DATASET
lemma lie_coords_imp_lie_gen:
  assumes m: "0 < m" and "lie_coords m v A"
  shows "(0, v, A) \<in> lie_gen m"
proof -
  have v: "\<forall>k\<ge>m. v k = 0" and skew: "\<And>k l. A k l + A l k = 0"
    and A: "\<And>k l. m \<le> k \<Longrightarrow> A k l = 0"
    using assms(2) by (auto simp: lie_coords_def)
  have "(0, \<lambda>i. \<Sum>k<m. v k * unitv k i, \<lambda>i j. \<Sum>k<m. 0) \<in> lie_gen m"
    by (rule lie_gen_sum[OF m]) (simp add: lie_gen_unitv)
  then have v_in: "(0, v, \<lambda>_ _. 0) \<in> lie_gen m"
    unfolding sum_unitv_expansion[OF v] by simp
  have "(0, \<lambda>i. \<Sum>k<m. 0,
      \<lambda>i j. \<Sum>k<m. \<Sum>l<m. A k l / 2 * (unitv k i * unitv l j - unitv l i * unitv k j)) \<in> lie_gen m"
  proof (rule lie_gen_sum[OF m])
    fix k assume k: "k < m"
    have "(0, \<lambda>i. 0, \<lambda>i j. A k l / 2 * (unitv k i * unitv l j - unitv l i * unitv k j)) \<in> lie_gen m"
      if "l < m" for l
      using lie_gen_unitv_bracket[OF k that] .
    then show "(0, \<lambda>i. 0, \<lambda>i j. \<Sum>l<m. A k l / 2 * (unitv k i * unitv l j - unitv l i * unitv k j))
        \<in> lie_gen m"
      using lie_gen_sum[OF m, of m "\<lambda>l i. 0"
          "\<lambda>l i j. A k l / 2 * (unitv k i * unitv l j - unitv l i * unitv k j)"]
      by simp
  qed
  then have A_in: "(0, \<lambda>_. 0, A) \<in> lie_gen m"
    by (simp only: skew_unitv_expansion[OF skew A] sum.neutral_const)
  show ?thesis
    using lie_gen.add[OF v_in A_in] by simp
qed

lemma lie_gen_iff: "0 < m \<Longrightarrow> (a, v, A) \<in> lie_gen m \<longleftrightarrow> a = 0 \<and> lie_coords m v A"
  by (metis lie_gen_imp_lie_coords lie_coords_imp_lie_gen prod.inject)

lemma tlog_texp:
  assumes "z \<in> lie_gen m"
  shows "tlog m (texp z) = z"
  unfolding tlog_def
proof (rule the_equality)
  show "z \<in> lie_gen m \<and> texp z = texp z" using assms by simp
next
  fix z' assume z': "z' \<in> lie_gen m \<and> texp z' = texp z"
  obtain v A where z: "z = (0, v, A)" using assms by (rule lie_gen_imp_lie_coords)
  obtain w B where "z' = (0, w, B)" using z' by (blast elim: lie_gen_imp_lie_coords)
  then show "z' = z" using z' unfolding z by (auto simp: texp_Pair fun_eq_iff)
qed

lemma tinv_texp: "tinv (texp (0, v, A)) = texp (0, \<lambda>k. - v k, \<lambda>k l. - A k l)"
  unfolding tinv_def
proof (rule the_equality)
  show "tmul (texp (0, \<lambda>k. - v k, \<lambda>k l. - A k l)) (texp (0, v, A)) = tone \<and>
      tmul (texp (0, v, A)) (texp (0, \<lambda>k. - v k, \<lambda>k l. - A k l)) = tone"
    by (simp add: texp_Pair tone_def fun_eq_iff algebra_simps)
next
  fix y assume "tmul y (texp (0, v, A)) = tone \<and> tmul (texp (0, v, A)) y = tone"
  moreover obtain a w B where y: "y = (a, w, B)" by (cases y)
  ultimately have a: "a = 1" and "\<And>k. v k + w k = 0"
    and AB: "\<And>k l. A k l + v k * v l / 2 + B k l + w k * v l = 0"
    by (auto simp: texp_Pair tone_def fun_eq_iff)
  then have w: "w k = - v k" for k
    by (simp add: eq_neg_iff_add_eq_0 add.commute)
  have "B k l = - A k l + v k * v l / 2" for k l
    using AB[of k l] unfolding w by (simp add: algebra_simps)
  then show "y = texp (0, \<lambda>k. - v k, \<lambda>k l. - A k l)"
    unfolding y texp_Pair a by (simp add: fun_eq_iff w)
qed

lemma tmul_texp:
  "tmul (texp (0, v, A)) (texp (0, w, B)) =
     texp (0, \<lambda>k. v k + w k, \<lambda>k l. A k l + B k l + (v k * w l - w k * v l) / 2)"
  by (simp add: texp_Pair fun_eq_iff field_simps)

lemma tlog_quotient:
  assumes "0 < m" and "(0, u, B) \<in> lie_gen m" and "(0, v, A) \<in> lie_gen m"
  shows "tlog m (tmul (tinv (texp (0, u, B))) (texp (0, v, A))) =
     (0, \<lambda>k. v k - u k, \<lambda>k l. A k l - B k l + (v k * u l - u k * v l) / 2)"
proof -
  have "tmul (tinv (texp (0, u, B))) (texp (0, v, A)) =
      texp (0, \<lambda>k. v k - u k, \<lambda>k l. A k l - B k l + (v k * u l - u k * v l) / 2)"
    unfolding tinv_texp tmul_texp by (simp add: fun_eq_iff field_simps)
  moreover have "(0, \<lambda>k. v k - u k, \<lambda>k l. A k l - B k l + (v k * u l - u k * v l) / 2) \<in> lie_gen m"
  proof -
    have skew: "A k l + A l k = 0" "B k l + B l k = 0" for k l
      using assms by (auto simp: lie_gen_iff lie_coords_def)
    have "A k l - B k l + (v k * u l - u k * v l) / 2
        + (A l k - B l k + (v l * u k - u l * v k) / 2) = 0" for k l
      using skew[of k l] by (simp add: field_simps)
    then show ?thesis
      using assms by (simp add: lie_gen_iff lie_coords_def)
  qed
  ultimately show ?thesis by (simp add: tlog_texp)
qed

WORK TASK
In the entries above, find every line with the word "auto" and list it.

PROBLEM SOLUTION
    using assms(2) by (auto simp: lie_coords_def)
  then show "z' = z" using z' unfolding z by (auto simp: texp_Pair fun_eq_iff)
    by (auto simp: texp_Pair tone_def fun_eq_iff)
      using assms by (auto simp: lie_gen_iff lie_coords_def)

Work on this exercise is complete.